Rep. Karen Bass remembers the tragedy unfolding at Florence and Normandie avenues on April 29, 1992, shortly after a Simi Valley jury acquitted four Los Angeles police officers of charges in the videotaped beating of Rodney King.
She drove by the intersection — 20 years ago today — and saw the worst rioting in the nation's history beginning. Trucker Reginald Denny was jerked out of a big rig and permanently disabled by a blow to the head with a cinder block.
Bass (D-Los Angeles) said she felt "an overwhelming sense of grief that the many years of economic distress and racial tensions in South L.A. resulted in such negativity."
Despite the horror of those three days in which more than 50 people died, 2,383 were hospitalized and 600 fires damaged or destroyed more than 1,100 buildings, things have changed for the better since, she said.
"I can confidently say that a number of positive outcomes did results, including the emergence of several social justice organizations with multicultural membership working together to rectify conditions in the community," she said. "There is no doubt that progress is still needed, but with an ethnic rainbow of dedicated leaders in the community, I am sure South L.A. will continue to improve."

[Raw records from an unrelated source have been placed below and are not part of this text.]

(* Let $E_1,\dots,E_{N_B}$ be pairwise distinct real numbers satisfying the non-degeneracy condition at order $p$, let $d_1,\dots,d_{N_B}>0$, and let $\chi(t)=\sum_{j=1}^{N_B}d_je^{-itE_j}$ and $I_k=\overline{|\chi(t)|^{2k}}$. Then for every $k=1,\dots,p$, $$I_k=(k!)^2\sum_{\substack{k_1,\dots,k_{N_B}\ge0\\ k_1+\dots+k_{N_B}=k}}\ \prod_{i=1}^{N_B}\left(\frac{d_i^{k_i}}{k_i!}\right)^2 .$$ Moreover, defining coefficients $a_n$ by the power series $\ln\big(I_0(2\sqrt z)\big)=\sum_{n=1}^\infty a_n\frac{z^n}{n!}$ (where $I_0$ is the modified Bessel function of the first kind) and $X_n:=\sum_{j=1}^{N_B}d_j^{2n}$, one has $$I_p=\sum_{q=1}^{p-1}\binom{p-1}{q-1}\frac{p!}{(p-q)!}\,a_qX_qI_{p-q}+p!\,a_pX_p .$$
   Context: $\overline{f(t)}:=\lim_{T\to\infty}\frac1T\int_0^Tf(t)\,dt$. Pairwise distinct numbers $E_1,\dots,E_{N_B}$ satisfy the non-degeneracy condition at order $M$ ($M$-ND) if for any sequences $\alpha_i,\beta_i\in\{1,\dots,N_B\}$, $i=1,\dots,M$, the equality $\sum_{j=1}^ME_{\alpha_j}=\sum_{j=1}^ME_{\beta_j}$ implies $\alpha_i=\beta_{\pi(i)}$ for some permutation $\pi\in\mathbb S_M$. $M$-ND implies $N$-ND for $1\le N\le M$. *)

theory Defs
  imports "HOL-Analysis.Analysis" "HOL-Combinatorics.Permutations"
begin

definition time_avg :: "(real \<Rightarrow> real) \<Rightarrow> real" where
  "time_avg f = Lim at_top (\<lambda>T. (1 / T) * integral {0..T} f)"

definition nondeg :: "nat \<Rightarrow> (nat \<Rightarrow> real) \<Rightarrow> nat \<Rightarrow> bool" where
  "nondeg N E M \<longleftrightarrow>
     (\<forall>\<alpha> \<beta>. (\<forall>i<M. \<alpha> i < N \<and> \<beta> i < N) \<longrightarrow>
        (\<Sum>j<M. E (\<alpha> j)) = (\<Sum>j<M. E (\<beta> j)) \<longrightarrow>
        (\<exists>\<pi>. \<pi> permutes {..<M} \<and> (\<forall>i<M. \<alpha> i = \<beta> (\<pi> i))))"

definition bessel_I0 :: "real \<Rightarrow> real" where
  "bessel_I0 x = (\<Sum>m. (x / 2) ^ (2 * m) / (fact m)^2)"

definition chi :: "nat \<Rightarrow> (nat \<Rightarrow> real) \<Rightarrow> (nat \<Rightarrow> real) \<Rightarrow> real \<Rightarrow> complex" where
  "chi N d E t = (\<Sum>j<N. complex_of_real (d j) * exp (- \<i> * complex_of_real (t * E j)))"

end

theory Submission
  imports Defs "HOL-Combinatorics.Multiset_Permutations"
begin

text \<open>
  Write \<open>|\<chi>(t)|\<^bsup>2k\<^esup>\<close> as \<open>\<chi>(t)\<^sup>k\<close> times its conjugate and expand both factors over index
  lists \<open>a, b\<close> of length \<open>k\<close>: the result is a trigonometric polynomial whose terms oscillate with
  frequency \<open>E\<^sub>b - E\<^sub>a\<close>, where \<open>E\<^sub>a\<close> is the sum of the energies along \<open>a\<close>. The time average keeps
  exactly the resonant pairs, and non-degeneracy at order \<open>p \<ge> k\<close> makes these the pairs of lists
  that are permutations of each other. Counting the permutations of each multiset gives
  \<open>I\<^sub>k = (k!)\<^sup>2 S\<^sub>k\<close>, with \<open>S\<^sub>k\<close> the sum in the statement (\<open>moment_sum\<close> below).

  The \<open>S\<^sub>k\<close> are the coefficients of \<open>F(z) = \<Prod>\<^sub>j G(d\<^sub>j\<^sup>2 z)\<close>, where
  \<open>G(z) = \<Sum>\<^sub>m z\<^sup>m/(m!)\<^sup>2 = I\<^sub>0(2\<surd>z)\<close>. Since \<open>ln G = C\<close> with \<open>C(z) = \<Sum>\<^sub>n a\<^sub>n z\<^sup>n/n!\<close> near 0,
  the identity theorem for power series yields the formal identity \<open>G' = G C'\<close>, hence
  \<open>F' = F D'\<close> with \<open>D(z) = \<Sum>\<^sub>j C(d\<^sub>j\<^sup>2 z) = \<Sum>\<^sub>n a\<^sub>n X\<^sub>n z\<^sup>n/n!\<close>. Comparing coefficients of
  \<open>z\<^bsup>p-1\<^esup>\<close> gives the recurrence.
\<close>

section \<open>Expansion of the powers of the signal\<close>

definition index_lists :: "nat \<Rightarrow> nat \<Rightarrow> nat list set" where
  "index_lists N k = {xs. set xs \<subseteq> {..<N} \<and> length xs = k}"

lemma finite_index_lists [simp]: "finite (index_lists N k)"
  unfolding index_lists_def by (rule finite_lists_length_eq) simp

lemma power_sum_eq_sum_index_lists:
  fixes f :: "nat \<Rightarrow> 'a::comm_semiring_1"
  shows "(\<Sum>j<N. f j) ^ k = (\<Sum>xs\<in>index_lists N k. \<Prod>j\<leftarrow>xs. f j)"
proof (induction k)
  case 0
  have "index_lists N 0 = {[]}" by (auto simp: index_lists_def)
  then show ?case by simp
next
  case (Suc k)
  have "(\<Sum>j<N. f j) ^ Suc k = (\<Sum>xs\<in>index_lists N k. \<Prod>j\<leftarrow>xs. f j) * (\<Sum>j<N. f j)"
    using Suc by (simp add: mult.commute)
  also have "\<dots> = (\<Sum>(xs, j)\<in>index_lists N k \<times> {..<N}. \<Prod>i\<leftarrow>j # xs. f i)"
    unfolding sum_product sum.cartesian_product by (simp add: mult.commute)
  also have "\<dots> = (\<Sum>xs\<in>index_lists N (Suc k). \<Prod>j\<leftarrow>xs. f j)"
    unfolding index_lists_def lists_length_Suc_eq
    by (subst sum.reindex) (auto simp: inj_on_def case_prod_unfold)
  finally show ?case .
qed
lemma L0_ideal_bounded:
  "L0_ideal M X \<Longrightarrow> (\<lambda>\<omega>. 1) \<in> X \<Longrightarrow> f \<in> borel_measurable M \<Longrightarrow>
    (\<And>\<omega>. \<omega> \<in> space M \<Longrightarrow> \<bar>f \<omega>\<bar> \<le> 1) \<Longrightarrow> f \<in> X"
  by (erule L0_ideal_dominated) auto

lemma decr_to_zero_in_decseq:
  assumes u: "\<And>n. u n \<in> X"
    and nonneg: "\<And>n \<omega>. \<omega> \<in> space M \<Longrightarrow> 0 \<le> u n \<omega>"
    and dec: "\<And>m n \<omega>. \<omega> \<in> space M \<Longrightarrow> m \<le> n \<Longrightarrow> u n \<omega> \<le> u m \<omega>"
    and lim: "\<And>\<omega>. \<omega> \<in> space M \<Longrightarrow> (\<lambda>n. u n \<omega>) \<longlonglongrightarrow> 0"
  shows "decr_to_zero_in M X (range u)"
  unfolding decr_to_zero_in_def
proof (intro conjI ballI impI)
  fix z1 z2 assume "z1 \<in> range u" "z2 \<in> range u"
  then obtain m n where "z1 = u m" "z2 = u n" by auto
  then show "\<exists>z3\<in>range u. ae_le M z3 z1 \<and> ae_le M z3 z2"
    by (intro bexI[of _ "u (max m n)"]) (auto simp: ae_le_def intro!: AE_I2 dec)
next
  fix w assume "\<forall>z\<in>range u. ae_le M w z"
  then have "AE \<omega> in M. \<forall>n. w \<omega> \<le> u n \<omega>" by (simp add: ae_le_def AE_all_countable)
  then show "ae_le M w (\<lambda>\<omega>. 0)"
    unfolding ae_le_def using AE_space
    by eventually_elim (blast intro: LIMSEQ_le_const[OF lim])
qed (use u nonneg in \<open>auto simp: ae_le_def intro!: AE_I2\<close>)

lemma order_converges_in_sequentially:
  assumes x: "x \<in> X" and u: "decr_to_zero_in M X (range u)"
    and tail: "\<And>n k. n \<le> k \<Longrightarrow> ae_le M (\<lambda>\<omega>. \<bar>y k \<omega> - x \<omega>\<bar>) (u n)"
  shows "order_converges_in M X (filtermap y sequentially) x"
  unfolding order_converges_in_def eventually_filtermap eventually_sequentially
  using x u tail by blast

lemma tail_SUP_LIMSEQ_zero:
  fixes a :: "nat \<Rightarrow> real"
  assumes a: "a \<longlonglongrightarrow> 0" and nonneg: "\<And>n. 0 \<le> a n"
  shows "(\<lambda>n. SUP k\<in>{n..}. a k) \<longlonglongrightarrow> 0"
proof (rule order_tendstoI)
  have bdd: "bdd_above (a ` {n..})" for n
    using Bseq_bdd_above[OF convergent_imp_Bseq[OF convergentI[OF a]]] by (rule bdd_above_mono) auto
  fix e :: real
  assume "e < 0"
  have "0 \<le> (SUP k\<in>{n..}. a k)" for n
    using nonneg[of n] cSUP_upper[OF _ bdd, of n n] by simp
  then show "\<forall>\<^sub>F n in sequentially. e < (SUP k\<in>{n..}. a k)"
    using \<open>e < 0\<close> by (intro always_eventually allI) (rule less_le_trans)
next
  fix e :: real
  assume "0 < e"
  then have "\<forall>\<^sub>F k in sequentially. a k < e/2"
    using tendstoD[OF a, of "e/2"] nonneg by (simp add: abs_of_nonneg)
  then obtain N where N: "\<And>k. N \<le> k \<Longrightarrow> a k < e/2"
    by (auto simp: eventually_sequentially)
  have "(SUP k\<in>{n..}. a k) \<le> e/2" if "N \<le> n" for n
    using N that by (intro cSUP_least) (auto intro: less_imp_le)
  moreover have "e/2 < e" using \<open>0 < e\<close> by simp
  ultimately show "\<forall>\<^sub>F n in sequentially. (SUP k\<in>{n..}. a k) < e"
    unfolding eventually_sequentially by (blast intro: le_less_trans)
qed

lemma order_converges_in_dominated_LIMSEQ:
  assumes X: "L0_ideal M X" and y: "\<And>n. y n \<in> X" and x: "x \<in> X" and g: "g \<in> X"
    and dom: "\<And>n \<omega>. \<omega> \<in> space M \<Longrightarrow> \<bar>y n \<omega>\<bar> \<le> g \<omega>"
    and lim: "\<And>\<omega>. \<omega> \<in> space M \<Longrightarrow> (\<lambda>n. y n \<omega>) \<longlonglongrightarrow> x \<omega>"
  shows "order_converges_in M X (filtermap y sequentially) x"
proof -
  note X_meas = L0_subspace_measurable[OF L0_ideal_subspace[OF X]]
  have [measurable]: "y n \<in> borel_measurable M" "x \<in> borel_measurable M" for n
    using y x by (auto intro: X_meas)
  define u where "u n \<omega> = (SUP k\<in>{n..}. \<bar>y k \<omega> - x \<omega>\<bar>)" for n \<omega>
  have diff_le: "\<bar>y k \<omega> - x \<omega>\<bar> \<le> g \<omega> + \<bar>x \<omega>\<bar>" if "\<omega> \<in> space M" for k \<omega>
    using dom[OF that, of k] abs_triangle_ineq4[of "y k \<omega>" "x \<omega>"] by linarith
  have bdd: "bdd_above ((\<lambda>k. \<bar>y k \<omega> - x \<omega>\<bar>) ` {n..})" if "\<omega> \<in> space M" for n \<omega>
    using diff_le[OF that] by (intro bdd_aboveI2[where M="g \<omega> + \<bar>x \<omega>\<bar>"])
  have upper: "\<bar>y k \<omega> - x \<omega>\<bar> \<le> u n \<omega>" if "\<omega> \<in> space M" "n \<le> k" for n k \<omega>
    unfolding u_def using that bdd by (intro cSUP_upper) auto
  have u_le: "u n \<omega> \<le> g \<omega> + \<bar>x \<omega>\<bar>" if "\<omega> \<in> space M" for n \<omega>
    unfolding u_def using diff_le[OF that] by (intro cSUP_least) auto
  have u_nonneg: "0 \<le> u n \<omega>" if "\<omega> \<in> space M" for n \<omega>
    using upper[OF that order_refl] by (rule order_trans[rotated]) simp
  have u_meas: "u n \<in> borel_measurable M" for n
    unfolding u_def using bdd by (intro borel_measurable_cSUP) auto
  have "(\<lambda>\<omega>. g \<omega> + \<bar>x \<omega>\<bar>) \<in> X"
    by (intro L0_subspace_add[OF L0_ideal_subspace[OF X]] L0_ideal_abs[OF X] x g)
  then have uX: "u n \<in> X" for n
    by (rule L0_ideal_dominated[OF X u_meas]) (metis abs_of_nonneg order_trans u_nonneg u_le)
  have u_lim: "(\<lambda>n. u n \<omega>) \<longlonglongrightarrow> 0" if "\<omega> \<in> space M" for \<omega>
    unfolding u_def using tendsto_rabs_zero[OF LIM_zero[OF lim[OF that]]]
    by (rule tail_SUP_LIMSEQ_zero) simp
  have "decr_to_zero_in M X (range u)"
    by (rule decr_to_zero_in_decseq[OF uX u_nonneg _ u_lim])
      (auto simp: u_def intro!: cSUP_subset_mono bdd)
  then show ?thesis
    by (rule order_converges_in_sequentially[OF x]) (auto simp: ae_le_def intro!: AE_I2 upper)
qed

lemma order_closed_in_dominated_limit:
  assumes X: "L0_ideal M X" and closed: "order_closed_in M X A" and AX: "A \<subseteq> X"
    and y: "\<And>n. y n \<in> A" and x: "x \<in> X" and g: "g \<in> X"
    and dom: "\<And>n \<omega>. \<omega> \<in> space M \<Longrightarrow> \<bar>y n \<omega>\<bar> \<le> g \<omega>"
    and lim: "\<And>\<omega>. \<omega> \<in> space M \<Longrightarrow> (\<lambda>n. y n \<omega>) \<longlonglongrightarrow> x \<omega>"
  shows "x \<in> A"
proof -
  have "order_converges_in M X (filtermap y sequentially) x"
    using y AX by (intro order_converges_in_dominated_LIMSEQ[OF X _ x g dom lim]) auto
  moreover have "eventually (\<lambda>f. f \<in> A) (filtermap y sequentially)"
    by (simp add: eventually_filtermap y)
  ultimately show ?thesis
    using closed unfolding order_closed_in_def by (metis filtermap_bot_iff trivial_limit_sequentially)
qed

As the Southland marks the 20th anniversary of the riots that locked streets in fear and sent smoke billowing into the skies for three days, there is a push to highlight progress made in race relations, policing and civil rights over the past two decades.
This afternoon, officials from a variety of groups, including the Anti-Defamation League, Los Angeles Urban League, Southern Christian Leadership Conference, Korean American Coalition and Los Angeles Police Department, plan to formally release a "Statement of Unity," which includes condemnations of bigotry and hate crimes and pledges to support concepts of community policing and pride in community diversity.
Authors of the document say that while the concepts are broad, they are important statements about how the community and race relations have evolved.
"As we commemorate one of the most divisive times in our city's history, it is of utmost importance to unite against hatred and express our commitment to our work together to create a harmonious community," said Amanda Susskind, director of the ADL Pacific Southwest Region.
A series of events have been held over the past week as the anniversary of the riots approached, most with a focus on the evolution of race relations and the rebuilding of communities that has ensued.
"The civil unrest was a watershed moment for community activists," said Marqueece Harris-Dawson, president and CEO of Community Coalition, a South Los Angeles-based nonprofit created two years before the riots broke out. "The riots called attention to the issues of economic inequality and police abuse that our community confronted on a day-to-day basis."
The coalition will hold a community fair and rally themed "South L.A. Rises" on Vermont Avenue to not only mark the anniversary of the riots, but to raise awareness of vacant lots that remain in South Los Angeles and the work that still needs to be done to complete the rebuilding of the area.
"Even though we've made much progress in the past two decades, we know we still have more to do," Harris-Dawson said. "That's why we're taking the time to reflect during this weekend of commemoration and plan a vision for a brighter future."